Из будки вышел. Сильный ветер хватал лицо. Шумел в ушах, как в двух разломанных погремушках.

43. «Григорий! Гри-ишка!»

Соглядатаем подходил на изломе ночи и затаивался у окна чёрный свет. Смрадно дышал, бесконечно веял. Так проходило полчаса, час. Силкина не выдерживала. Дёрнутый за шнурок, ночник вспухал как сыч. Женщина тянулась к стакану, к соде. Отрешённо намешивала ложечкой. С послабевшим, павшим белым мешочком лицом. Залпом выпивала. К врачу, к вра-ачу. Сегодня же. Преступное легкомыслие. Да. К своему здоровью. Преступное. Откинувшись на подушку, на ощупь ставила стакан на блюдце.

Лежала. Разбросанно, плоско. Как лежит пустая одежда. В успокоение себе, в награду, взглядом тянулась к трюмо слева от тахты. К красной пухленькой книжице на полированной поверхности тумбочки трюмо. Книжица стояла как раскрытая икона-складничек, из которой светилась она, Вера Фёдоровна Силкина. Густозавитая на фотокарточке, неузнаваемая, но она! она!Вера Федоровна! Силкина! Потому что кто же устоит в такой день перед фотографом, перед его категоричностью: «Только с причёской, милейшая! Только с причёской! В крайнем случае – с париком!» И пришлось потом бежать домой, срочно искать этот чёртов парик, густой, лохматый, насаживать его на голову, как целого болона какого-то, мчаться на такси назад, скорей под объектив, под свет, сидеть несколько легкомысленной, даже глуповатой от счастья, но… но кто же устоит? В такой день? В такой момент! Кто?!

Закрыв глаза, Вера Фёдоровна гладила уложенный на бок складничек,пальчиком водила по шершаво-скользкой поверхности его. Теперь будет покоиться он милой книжицей весь день у её сердца, а на ночь снова встанет,снова засветится у изголовья на полированном месте, опять как образок-складничек. И так будет каждую ночь, бесконечно, сладостно. Было в этом что-то от давно умершего, похороненного, но… но всё время воскресающего. Как от святости. Каждый день, каждый час, каждую минуту воскресающей. Чувственная сладостная святость. Любовь. Половой акт. Умирание – и воскрешение. К Вере Фёдоровне прихлынуло что-то заполняющее её, горячее. Долго не отпускало… Но опять приходил к двери, постукивая когтями по паркету, Джога. Начинал вынюхивать внизу, в щели, скулить. «Кожин! Кожин! – как англичанину, втолковывала ему Силкина одним словом. – Кожин!» Деликатно Джога уходил. Вера Фёдоровна опять ложилась, закрывала глаза…

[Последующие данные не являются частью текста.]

theorem mainTheorem1:
  fixes \<gamma> T :: real and \<Omega> :: "(real \<times> real) set"
    and \<rho> u v p :: "real \<Rightarrow> real \<Rightarrow> real \<Rightarrow> real"
  assumes "\<gamma> > 1" and "T > 0" and "open \<Omega>"
    and "C1_on (domain \<Omega> T) \<rho>" and "C1_on (domain \<Omega> T) u"
    and "C1_on (domain \<Omega> T) v" and "C1_on (domain \<Omega> T) p"
    and "\<forall>(x, y, t) \<in> domain \<Omega> T. \<rho> x y t > 0 \<and> p x y t > 0"
    and "\<forall>(x, y, t) \<in> domain \<Omega> T.
           pdt T \<rho> x y t + u x y t * pdx \<rho> x y t + v x y t * pdy \<rho> x y t
             + \<rho> x y t * (pdx u x y t + pdy v x y t) = 0"
    and "\<forall>(x, y, t) \<in> domain \<Omega> T.
           pdt T u x y t + u x y t * pdx u x y t + v x y t * pdy u x y t
             + pdx p x y t / \<rho> x y t = 0"
    and "\<forall>(x, y, t) \<in> domain \<Omega> T.
           pdt T v x y t + u x y t * pdx v x y t + v x y t * pdy v x y t
             + pdy p x y t / \<rho> x y t = 0"
    and "\<forall>(x, y, t) \<in> domain \<Omega> T.
           pdt T p x y t + u x y t * pdx p x y t + v x y t * pdy p x y t
             + \<gamma> * p x y t * (pdx u x y t + pdy v x y t) = 0"
  shows "(\<forall>(x, y, t) \<in> domain \<Omega> T.
            pdt T (Phi \<rho> u v p) x y t
            + pdx (\<lambda>x' y' t'. A1 \<gamma> (Phi \<rho> u v p x' y' t') *v Phi \<rho> u v p x' y' t') x y t
            + A2 \<gamma> (Phi \<rho> u v p x y t) *v pdx (Phi \<rho> u v p) x y t
            + pdy (\<lambda>x' y' t'. B1 \<gamma> (Phi \<rho> u v p x' y' t') *v Phi \<rho> u v p x' y' t') x y t
            + B2 \<gamma> (Phi \<rho> u v p x y t) *v pdy (Phi \<rho> u v p) x y t = 0)
       \<and> (\<forall>\<alpha>::real. \<alpha>^2 > 0 \<longrightarrow>
            transpose (Pmat \<gamma> \<alpha>) = Pmat \<gamma> \<alpha>
            \<and> (\<forall>w::real^4. w \<noteq> 0 \<longrightarrow> w \<bullet> (Pmat \<gamma> \<alpha> *v w) > 0)
            \<and> (\<forall>(x, y, t) \<in> domain \<Omega> T.
                 Pmat \<gamma> \<alpha> ** A2 \<gamma> (Phi \<rho> u v p x y t)
                   = transpose (Pmat \<gamma> \<alpha> ** A1 \<gamma> (Phi \<rho> u v p x y t))
               \<and> Pmat \<gamma> \<alpha> ** B2 \<gamma> (Phi \<rho> u v p x y t)
                   = transpose (Pmat \<gamma> \<alpha> ** B1 \<gamma> (Phi \<rho> u v p x y t))))"
  using assms
  by (auto intro!: Phi_system_at simp: Pmat_symmetric Pmat_positive_definite
        Pmat_A2_eq_transpose_Pmat_A1 Pmat_B2_eq_transpose_Pmat_B1)
(* Consider the $4$-body problem on the surface $\mathbb{M}^2$ of constant curvature $1$, with four particles on one geodesic (the real axis) with masses $m_1=m_2=1$, $m_3=m_4=m>0$, in a symmetric configuration with initial positions $z_1=-z_2=a>0$ and $z_3=-z_4=r>a$. Then there do not exist relative equilibria.
   Context: $\mathbb{M}^2$ is the complex plane with metric $ds^2=\frac{4\,dz\,d\bar z}{(1+|z|^2)^2}$; the distance satisfies $\cos d(z_k,z_j)=\frac{2(z_k\bar z_j+z_j\bar z_k)+(|z_k|^2-1)(|z_j|^2-1)}{(|z_k|^2+1)(|z_j|^2+1)}$. The curved $n$-body problem has kinetic energy $T=\frac12\sum_i m_i\frac{4|\dot z_i|^2}{(1+|z_i|^2)^2}$ and force function $U=\sum_{i<j}m_im_j\cot d(z_i,z_j)$. A relative equilibrium is a solution invariant under a one-parameter subgroup of isometries; it suffices to consider solutions $w(t)=e^{it}z$. Following earlier work, positions $z_1,\dots,z_n$ ($r_l=|z_l|$) form a relative equilibrium iff for each $i$: $\frac{(1-r_i^2)z_i}{4(1+r_i^2)^4}=-\sum_{j\ne i}\frac{m_j(r_j^2+1)^2(1+z_i\bar z_j)(z_j-z_i)}{T_{ij}^{3/2}}$, with $T_{ij}=(r_i^2+1)^2(r_j^2+1)^2-[2(z_i\bar z_j+z_j\bar z_i)+(r_i^2-1)(r_j^2-1)]^2$. Singular configurations are excluded. *)

theory Defs
  imports Complex_Main
begin

text \<open>The quantity T_ij of the relative-equilibrium equations. The term
  2(z_i conj z_j + z_j conj z_i) is real; we take its real part.\<close>
definition Tij :: "(nat \<Rightarrow> complex) \<Rightarrow> nat \<Rightarrow> nat \<Rightarrow> real" where
  "Tij z i j =
     ((cmod (z i))^2 + 1)^2 * ((cmod (z j))^2 + 1)^2
     - (2 * Re (z i * cnj (z j) + z j * cnj (z i))
        + ((cmod (z i))^2 - 1) * ((cmod (z j))^2 - 1))^2"

text \<open>Singular configurations: some pair of distinct particles collides or is antipodal,
  i.e. T_ij = 0 (equivalently sin d(z_i,z_j) = 0).\<close>
definition singular_config :: "nat \<Rightarrow> (nat \<Rightarrow> complex) \<Rightarrow> bool" where
  "singular_config n z \<longleftrightarrow> (\<exists>i<n. \<exists>j<n. i \<noteq> j \<and> Tij z i j = 0)"

definition relative_equilibrium :: "nat \<Rightarrow> (nat \<Rightarrow> real) \<Rightarrow> (nat \<Rightarrow> complex) \<Rightarrow> bool" where
  "relative_equilibrium n m z \<longleftrightarrow>
     (\<forall>i<n. complex_of_real (1 - (cmod (z i))^2) * z i
          / complex_of_real (4 * (1 + (cmod (z i))^2)^4)
        = - (\<Sum>j\<in>{..<n} - {i}.
               complex_of_real (m j * ((cmod (z j))^2 + 1)^2) * (1 + z i * cnj (z j)) * (z j - z i)
               / complex_of_real (Tij z i j powr (3/2))))"

end

theory Submission
  imports Defs
begin

text \<open>All positions are real, so the relative-equilibrium equations become real equations, and by
  the symmetry only those of the particles at \<open>a\<close> and \<open>r\<close> matter. Non-singularity excludes
  \<open>a = 1\<close>, \<open>r = 1\<close> and \<open>a r = 1\<close>, which leaves four regions. The curvature term of a
  particle at \<open>x\<close> is at most half the force between \<open>x\<close> and \<open>-x\<close>, because
  \<open>4 x \<bar>1 - x\<^sup>2\<bar> \<le> (1 + x\<^sup>2)\<^sup>2\<close>. If \<open>a > 1\<close>, \<open>r < 1\<close> or \<open>a r < 1 < r\<close>, the
  forces in one of the two equations all point the same way and a single one of them already
  outweighs the curvature term. If \<open>a < 1 < a r\<close>, the outer equation reads
  \<open>- curvature_term r = T + Y\<close> with \<open>T \<ge> 0\<close> and \<open>Y\<close> the force of \<open>-r\<close> on \<open>r\<close>; the inner equation
  bounds \<open>Y\<close> from below so well that \<open>4 T Y \<le> (T + Y)\<^sup>2 = (curvature_term r)\<^sup>2\<close> contradicts an
  explicit polynomial bound on the latter square.\<close>

text \<open>The summand of the relative-equilibrium equation for real positions, where
  \<open>T\<^sub>i\<^sub>j\<^sup>3\<^sup>/\<^sup>2 = 8 \<bar>1 + x y\<bar>\<^sup>3 \<bar>x - y\<bar>\<^sup>3\<close>.\<close>

definition axis_force :: "real \<Rightarrow> real \<Rightarrow> real \<Rightarrow> real" where
  "axis_force x y m = m * (y^2 + 1)^2 * (1 + x * y) * (y - x) / (8 * \<bar>x * y + 1\<bar>^3 * \<bar>x - y\<bar>^3)"

definition curvature_term :: "real \<Rightarrow> real" where
  "curvature_term x = (1 - x^2) * x / (4 * (1 + x^2)^4)"

definition pair_force :: "real \<Rightarrow> real" where
  "pair_force x = (x^2 + 1)^2 / (32 * x^2 * (1 - x^2)^2)"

Утром под холодным душем тело становилось натянутым, молодым.Закинув слепнущую голову, сжав ягодицы, вставала на носочки и тянулась к чему-то. Вся – как стрела в светящемся зыбком оперенье… С удовольствием вытирала тело сухим махровым полотенцем.

Красивая японская кофемолка походила на спиленный ствол дымчатого дерева, овитого чеёрной лозой. Застенала, завыла однако как советская.Кухня наполнилась стойким терпким ароматом. Вера Фёдоровна положила ложечкой в кофейник порцию, поставила на газ. Махровый длинный халат с откинутым капюшоном ладно облегал её попку, хорошо разводил, утяжелял её груди. Желудок больше не болел, изжоги не было. Но только с молоком!Только с молоком сегодня. Вера Фёдоровна, налив кофе в чашку, чуть-чуть подбелила его молочком. Так. Теперь холодильник. Ветчину – решительно! Буженину – сегодня побоку тоже. Колбасу варёную? Свежая ли? Нет, не надо.Пожалуй – сыр. Масло. Хлеб. И сверху – икорки. Баклажанной, разумеется.Вот так! Вера Фёдоровна умело, быстро делала бутерброды. Откусывала затем, запивала кофе. Подойдя к окну, смотрела во двор. Утренний, подмороженный, пустой. Только с Кожиным и Джогой.

У Джоги шёл обычный ритуал. Бульдог подходил и задирал лапу на столбы. Или надолго зависал на искривлённых передних. Точно никак не решался дать вверх стойку. Рядом Кожин терпеливо курил, ёжился в задрипанном плаще. Непокрытая стариковская голова его сверху походила на шершавую дыню, поставленную на попа.

Потом они шли со двора. Вроде как гулять. Бульдог у хозяйской ноги двигался как толстая слюнявая пиявка.

Но возвращались назад через минуту. Шли теперь к подъезду. Всё так же будто связанные кроваво-чёрными слюнями пса, неразделимые. Косились оба на окно на третьем этаже. На кухонное. Но Силкина, опаздывая, уже торопилась. Уже металась в своей комнате. Не хотел отстать, верблюдом кидался за ней халат. Да господи! Быстро передвигалась от шкафа к трюмо, прикладывая платья к груди. Упруго втыкались ножки в капроне и в туфлях на высоком каблуке. Подпрыгивала схваченная белыми трусиками ловкая попка. Сегодня Вера Фёдоровна выбрала деловой костюм. Элегантно-строгий. Костюмчик.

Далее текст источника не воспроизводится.